Photo: Agostino Osio. Courtesy Fondazione Prada

Ca’ Corner della Regina, built between 1724 and 1728 by Domenico Rossi for the Corner family of San Cassiano, is a Venetian palazzo overlooking the Grand Canal and located in the Sestiere of Santa Croce. It was erected on the ruins of the Gothic building in which Caterina Corner, the future queen of Cyprus, was born in 1454. The architecture echoes the style of the nearby Ca’ Pesaro designed by Baldassare Longhena. The frescoes on the first noble floor represent a series of episodes from Caterina Cornaro’s life.

In 1800, the palazzo became property of Pope Pius VII, who assigned it to the Congregation of the Padri Cavanis. Until 1969, it hosted the Monte di Pietà, whereas between 1975 and 2010 it became the home of the ASAC – the Historical Archive of Contemporary Art of the Venice Biennale. Since 2011, it has been the Venetian headquarters of Fondazione Prada, which has launched 10 temporary projects in this venue until today, concurrently with a preservation and repair program of the palazzo.

Ca’ Corner della Regina is built on three main levels: the ground floor and two piani nobili. An attic and two mezzanines, located between the ground floor and the first floor, complete its structure. The façade on the Grand Canal is made of Istrian stone, rusticated over the ground floor and mezzanine. The interiors feature two spectacular symmetrical staircases, aligned with the water entrance, which connect the ground floor hall with the second mezzanine. The two piani nobili host some imposing porteghi, decorated with stuccos and frescoes.

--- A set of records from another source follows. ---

text \<open>By the hypothesis, the weights of the expanded kernel correlate with the indicator of \<open>S\<close>
  at least as much as the diagonal weight \<open>\<Sum> w\<^sup>2\<close>.\<close>

lemma exists_annihilator_large_kernel:
  fixes S :: "'g::{ab_group_add, countable} set" and gam :: "nat \<Rightarrow> 'g" and k s :: nat
  defines "M \<equiv> PiE {..<k} (\<lambda>_. {..s})"
  assumes S: "is_subgroup S" and t: "is_character t"
    and nonneg: "\<And>m m'. m \<in> M \<Longrightarrow> m' \<in> M \<Longrightarrow> box_point gam k m - box_point gam k m' \<in> S \<Longrightarrow>
        0 \<le> Re (t (box_point gam k m - box_point gam k m'))"
  shows "\<exists>nu\<in>annihilator S. (\<Sum>m\<in>M. binomial_weight k s m ^ 2) / 2
           \<le> norm (\<Prod>i<k. ((1 + nu (gam i) * cnj (t (gam i))) / 2) ^ s) ^ 2"
proof -
  define w where "w = binomial_weight k s"
  define x where "x p = box_point gam k (fst p) - box_point gam k (snd p)" for p :: "(nat \<Rightarrow> nat) \<times> (nat \<Rightarrow> nat)"
  define c where "c p = complex_of_real (w (fst p) * w (snd p)) * cnj (t (x p))" for p
  define c0 where "c0 = (\<Sum>m\<in>M. w m ^ 2)"
  have "finite M" by (simp add: M_def finite_PiE)
  have "c0 > 0"
    using sum_square_binomial_weight[of k s] unfolding c0_def w_def M_def
    by (metis mult_eq_0_iff not_one_le_zero order_le_less sum_nonneg zero_le_power2)
  have diagonal: "c0 \<le> Re (\<Sum>p\<in>M \<times> M. c p * indicator S (x p))"
    unfolding c0_def c_def x_def
    by (rule sum_square_le_correlation[OF \<open>finite M\<close> S t _ nonneg]) (simp add: w_def binomial_weight_nonneg)
  have "(\<Sum>p\<in>M \<times> M. norm (c p)) = (\<Sum>p\<in>M \<times> M. w (fst p) * w (snd p))"
    by (simp add: c_def norm_mult norm_character[OF t] abs_mult w_def binomial_weight_nonneg)
  also have "\<dots> = (\<Sum>m\<in>M. w m) * (\<Sum>m\<in>M. w m)"
    by (simp add: sum_product sum.cartesian_product case_prod_beta)
  also have "\<dots> = 1" by (simp add: w_def M_def binomial_weight_sum)
  finally have total: "(\<Sum>p\<in>M \<times> M. norm (c p)) = 1" .
  obtain nu where nu: "nu \<in> annihilator S"
    "Re (\<Sum>p\<in>M \<times> M. c p * indicator S (x p)) - c0 / 2 * (\<Sum>p\<in>M \<times> M. norm (c p))
       \<le> Re (\<Sum>p\<in>M \<times> M. c p * nu (x p))"
    using annihilator_correlation_lower_bound[OF S _ half_gt_zero[OF \<open>c0 > 0\<close>], of "M \<times> M" c x]
      \<open>finite M\<close> by blast
  have "is_character (\<lambda>y. nu y * cnj (t y))"
    using nu(1) t by (simp add: annihilator_def character_mult character_cnj)
  from kernel_norm_square_expansion[OF this, where k = k and s = s and gam = gam]
  have "(\<Sum>p\<in>M \<times> M. c p * nu (x p))
      = of_real (norm (\<Prod>i<k. ((1 + nu (gam i) * cnj (t (gam i))) / 2) ^ s) ^ 2)"
    by (simp add: M_def c_def x_def w_def mult_ac)
  then show ?thesis
    using diagonal total nu unfolding c0_def w_def by (intro bexI[OF _ nu(1)]) simp
qed

lemma annihilator_approximates_character:
  fixes S :: "'g::{ab_group_add, countable} set" and gam :: "nat \<Rightarrow> 'g"
  assumes S: "is_subgroup S" and t: "is_character t" and "0 \<le> eps"
    and s: "real (Suc s) ^ k * (1 - eps ^ 2 / 4) ^ s < 1 / 2"
    and nonneg: "\<And>m m'. m \<in> PiE {..<k} (\<lambda>_. {..s}) \<Longrightarrow> m' \<in> PiE {..<k} (\<lambda>_. {..s}) \<Longrightarrow>
        box_point gam k m - box_point gam k m' \<in> S \<Longrightarrow>
        0 \<le> Re (t (box_point gam k m - box_point gam k m'))"
  shows "\<exists>nu\<in>annihilator S. \<forall>i<k. norm (nu (gam i) - t (gam i)) < eps"
proof -
  define c0 where "c0 = (\<Sum>m\<in>PiE {..<k} (\<lambda>_. {..s}). binomial_weight k s m ^ 2)"
  obtain nu where nu: "nu \<in> annihilator S"
    "c0 / 2 \<le> norm (\<Prod>i<k. ((1 + nu (gam i) * cnj (t (gam i))) / 2) ^ s) ^ 2"
    using exists_annihilator_large_kernel[OF S t nonneg] unfolding c0_def by blast
  define xi where "xi = (\<lambda>y. nu y * cnj (t y))"
  have xi: "is_character xi"
    using nu(1) t by (simp add: xi_def annihilator_def character_mult character_cnj)
  have "norm (nu (gam i) - t (gam i)) < eps" if "i < k" for i
  proof (rule ccontr)
    assume "\<not> ?thesis"
    then have "eps \<le> norm (1 - xi (gam i))"
      using norm_mult_cnj_minus_1[OF norm_character[OF t], of "nu (gam i)" "gam i"]
      by (simp add: xi_def norm_minus_commute)
    from kernel_small_if_far[where gam = gam and s = s, OF xi \<open>i < k\<close> \<open>0 \<le> eps\<close> this]
    have "c0 / 2 \<le> (1 - eps ^ 2 / 4) ^ s" using nu(2) by (simp add: xi_def)
    then have "c0 * real (Suc s) ^ k / 2 \<le> real (Suc s) ^ k * (1 - eps ^ 2 / 4) ^ s"
      by (simp add: mult_right_mono mult.commute)
    then show False
      using s sum_square_binomial_weight[of k s] unfolding c0_def by linarith
  qed
  then show ?thesis using nu(1) by blast
qed

section \<open>Convergence along a sequence of subgroups\<close>

lemma eventually_power_small:
  assumes "0 < q" "q < 1" shows "\<exists>s. real (Suc s) ^ k * q ^ s < 1 / 2"
proof -
  have "(\<lambda>s. real (Suc s) ^ k * q ^ s) \<longlonglongrightarrow> 0" using assms by real_asymp
  then have "\<forall>\<^sub>F s in sequentially. real (Suc s) ^ k * q ^ s < 1 / 2"
    by (rule order_tendstoD) simp
  then show ?thesis by (meson eventually_sequentially order_refl)
qed

lemma eventually_annihilator_approximates:
  fixes S :: "nat \<Rightarrow> 'g::{ab_group_add, countable} set" and gam :: "nat \<Rightarrow> 'g"
  assumes S: "\<And>n. is_subgroup (S n)" and eta: "\<And>n. is_character (eta n)"
    and along: "\<And>y. (\<lambda>n. indicator (S n) y * norm (eta n y - 1)) \<longlonglongrightarrow> (0::real)"
  shows "\<forall>\<^sub>F n in sequentially. \<exists>nu\<in>annihilator (S n).
           \<forall>i<k. norm (nu (gam i) - eta n (gam i)) < 1 / real (Suc k)"
proof -
  define eps where "eps = 1 / real (Suc k)"
  have eps: "0 < eps" "eps \<le> 1" by (simp_all add: eps_def)
  then have "eps ^ 2 \<le> 1" by (simp add: power_le_one)
  then obtain s where s: "real (Suc s) ^ k * (1 - eps ^ 2 / 4) ^ s < 1 / 2"
    using eventually_power_small[of "1 - eps ^ 2 / 4"] eps by auto
  define M where "M = PiE {..<k} (\<lambda>_::nat. {..s})"
  define X where "X = (\<lambda>p. box_point gam k (fst p) - box_point gam k (snd p)) ` (M \<times> M)"
  have "finite X" by (simp add: X_def M_def finite_PiE)
  have "\<forall>y\<in>X. \<forall>\<^sub>F n in sequentially. indicator (S n) y * norm (eta n y - 1) < 1"
    by (intro ballI order_tendstoD(2)[OF along]) simp
  then have "\<forall>\<^sub>F n in sequentially. \<forall>y\<in>X. indicator (S n) y * norm (eta n y - 1) < 1"
    by (rule eventually_ball_finite[OF \<open>finite X\<close>])
  then show ?thesis
  proof (rule eventually_mono)
    fix n assume close: "\<forall>y\<in>X. indicator (S n) y * norm (eta n y - 1) < (1::real)"
    have "0 \<le> Re (eta n y)" if "y \<in> X" "y \<in> S n" for y
    proof -
      have "norm (eta n y - 1) < 1" using bspec[OF close that(1)] that(2) by simp
      then show ?thesis using abs_Re_le_cmod[of "eta n y - 1"] by simp
    qed
    moreover have "box_point gam k m - box_point gam k m' \<in> X" if "m \<in> M" "m' \<in> M" for m m'
      unfolding X_def using that by (intro image_eqI[where x = "(m, m')"]) auto
    ultimately have "\<exists>nu\<in>annihilator (S n). \<forall>i<k. norm (nu (gam i) - eta n (gam i)) < eps"
      by (intro annihilator_approximates_character[OF S eta less_imp_le[OF eps(1)] s])
        (simp add: M_def)
    then show "\<exists>nu\<in>annihilator (S n). \<forall>i<k. norm (nu (gam i) - eta n (gam i)) < 1 / real (Suc k)"
      by (simp add: eps_def)
  qed
qed

lemma diagonal_selection:
  fixes err :: "nat \<Rightarrow> 'a \<Rightarrow> nat \<Rightarrow> real"
  assumes ev: "\<And>k. \<forall>\<^sub>F n in sequentially. \<exists>a\<in>A n. \<forall>i<k. err n a i < 1 / real (Suc k)"
    and nonempty: "\<And>n. A n \<noteq> {}"
  shows "\<exists>a. (\<forall>n. a n \<in> A n) \<and> (\<forall>i r. 0 < r \<longrightarrow> (\<forall>\<^sub>F n in sequentially. err n (a n) i < r))"
proof -
  define P where "P k n \<longleftrightarrow> (\<exists>a\<in>A n. \<forall>i<k. err n a i < 1 / real (Suc k))" for k n
  \<comment> \<open>the best precision already available at time \<open>n\<close>\<close>
  define K where "K n = (GREATEST k. k \<le> n \<and> P k n)" for n
  have P0: "P 0 n" for n using nonempty by (simp add: P_def ex_in_conv)
  have "K n \<le> n \<and> P (K n) n" for n
    unfolding K_def by (rule GreatestI_nat[of _ 0 n]) (use P0 in auto)
  then have K: "P (K n) n" for n by blast
  have K_ge: "k \<le> K n" if "k \<le> n" "P k n" for k n
    unfolding K_def by (rule Greatest_le_nat[of _ k n]) (use that in auto)
  have "\<forall>n. \<exists>a. a \<in> A n \<and> (\<forall>i<K n. err n a i < 1 / real (Suc (K n)))"
    using K unfolding P_def by blast
  from this[unfolded choice_iff] obtain a where
    a: "\<And>n. a n \<in> A n" "\<And>n i. i < K n \<Longrightarrow> err n (a n) i < 1 / real (Suc (K n))"
    by blast
  have "\<forall>\<^sub>F n in sequentially. err n (a n) i < r" if "0 < r" for i r
  proof -
    obtain k0 :: nat where "1 / r < real k0" using reals_Archimedean2 by blast
    define k where "k = max k0 (Suc i)"
    have "i < k" by (simp add: k_def)
    have "1 / r < real (Suc k)" using \<open>1 / r < real k0\<close> by (simp add: k_def)
    then have "1 / real (Suc k) < r" using \<open>0 < r\<close> by (simp add: field_simps)
    have "\<forall>\<^sub>F n in sequentially. k \<le> K n"
      using eventually_conj[OF ev[of k, folded P_def] eventually_ge_at_top[of k]]
      by (rule eventually_mono) (simp add: K_ge)
    then show ?thesis
    proof (rule eventually_mono)
      fix n assume "k \<le> K n"
      then have "err n (a n) i < 1 / real (Suc (K n))" using a(2) \<open>i < k\<close> by (simp add: less_le_trans)
      also have "\<dots> \<le> 1 / real (Suc k)" using \<open>k \<le> K n\<close> by (simp add: frac_le)
      finally show "err n (a n) i < r" using \<open>1 / real (Suc k) < r\<close> by simp
    qed
  qed
  then show ?thesis using a(1) by blast
qed

lemma conv_along_imp_annihilator_twist:
  fixes S :: "nat \<Rightarrow> 'g::{ab_group_add, countable} set"
  assumes S: "\<And>n. is_subgroup (S n)" and chis: "\<And>n. is_character (chis n)"
    and chi: "is_character chi" and conv: "conv_along S chis chi"
  shows "\<exists>\<nu>. (\<forall>n. \<nu> n \<in> annihilator (S n)) \<and> (\<forall>\<gamma>. (\<lambda>n. chis n \<gamma> * \<nu> n \<gamma>) \<longlonglongrightarrow> chi \<gamma>)"
proof -
  define eta where "eta n = (\<lambda>y. chi y * cnj (chis n y))" for n
  have eta: "is_character (eta n)" for n
    unfolding eta_def by (rule character_mult[OF chi character_cnj[OF chis]])
  have "norm (eta n y - 1) = norm (chis n y - chi y)" for n y
    using norm_mult_cnj_minus_1[OF norm_character[OF chis]] by (simp add: eta_def norm_minus_commute)
  then have along: "(\<lambda>n. indicator (S n) y * norm (eta n y - 1)) \<longlonglongrightarrow> (0::real)" for y
    using conv unfolding conv_along_def by simp
  have nonempty: "annihilator (S n) \<noteq> {}" for n using annihilator_1 by blast
  obtain nu where nu: "\<And>n. nu n \<in> annihilator (S n)"
    "\<And>i r. 0 < r \<Longrightarrow> \<forall>\<^sub>F n in sequentially. norm (nu n (from_nat i) - eta n (from_nat i)) < r"
    using diagonal_selection[where err = "\<lambda>n nu i. norm (nu (from_nat i) - eta n (from_nat i))",
        OF eventually_annihilator_approximates[OF S eta along] nonempty] by blast
  have "(\<lambda>n. chis n y * nu n y) \<longlonglongrightarrow> chi y" for y
  proof -
    have twist: "norm (chis n y * nu n y - chi y) = norm (nu n y - eta n y)" for n
    proof -
      have "chis n y * cnj (chis n y) = 1" by (rule mult_cnj_eq_1[OF norm_character[OF chis]])
      then have "chis n y * nu n y - chi y = chis n y * (nu n y - eta n y)"
        by (simp add: eta_def algebra_simps)
      then show ?thesis by (simp add: norm_mult norm_character[OF chis])
    qed
    have "(\<lambda>n. norm (nu n y - eta n y)) \<longlonglongrightarrow> 0"
    proof (rule order_tendstoI)
      show "\<forall>\<^sub>F n in sequentially. a < norm (nu n y - eta n y)" if "a < 0" for a
        using that by (intro always_eventually allI) (simp add: order_less_le_trans)
      show "\<forall>\<^sub>F n in sequentially. norm (nu n y - eta n y) < a" if "0 < a" for a
        using nu(2)[OF that, of "to_nat y"] by simp
    qed
    then have "(\<lambda>n. norm (chis n y * nu n y - chi y)) \<longlonglongrightarrow> 0" unfolding twist .
    then show ?thesis by (simp add: tendsto_norm_zero_iff LIM_zero_iff)
  qed
  then show ?thesis using nu(1) by blast
qed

The preservation and repair program of Ca’ Corner della Regina, which has been drawn up in line with the directives of the Soprintendenza per i Beni Architettonici e Paesaggistici di Venezia e della Laguna, is being developed in several phases.
The first stages had the primary aim of securing and preserving the surfaces of artistic and architectural value, the study of all the inappropriate equipment plants, the maintenance of the wooden doors, windows and shutters, the removal of non-original partition walls and the reclamation of spaces that have been used as offices and service rooms. As for the preservation of the decorative apparatus, the ornamental frescoes, stuccos and stonework in the portego and eight rooms on the building’s principal piano nobile have been secured. Afterwards, work was carried out to consolidate and secure the surfaces of the mezzanine, the restoration of which brought to light a fresco in the central hall, previously hidden, in 2019. On the second floor, a restoration project focused on the walls and the stucco and marmorino veneziano decorations of the side rooms. The restoration of the surfaces of the portego on the second floor will follow.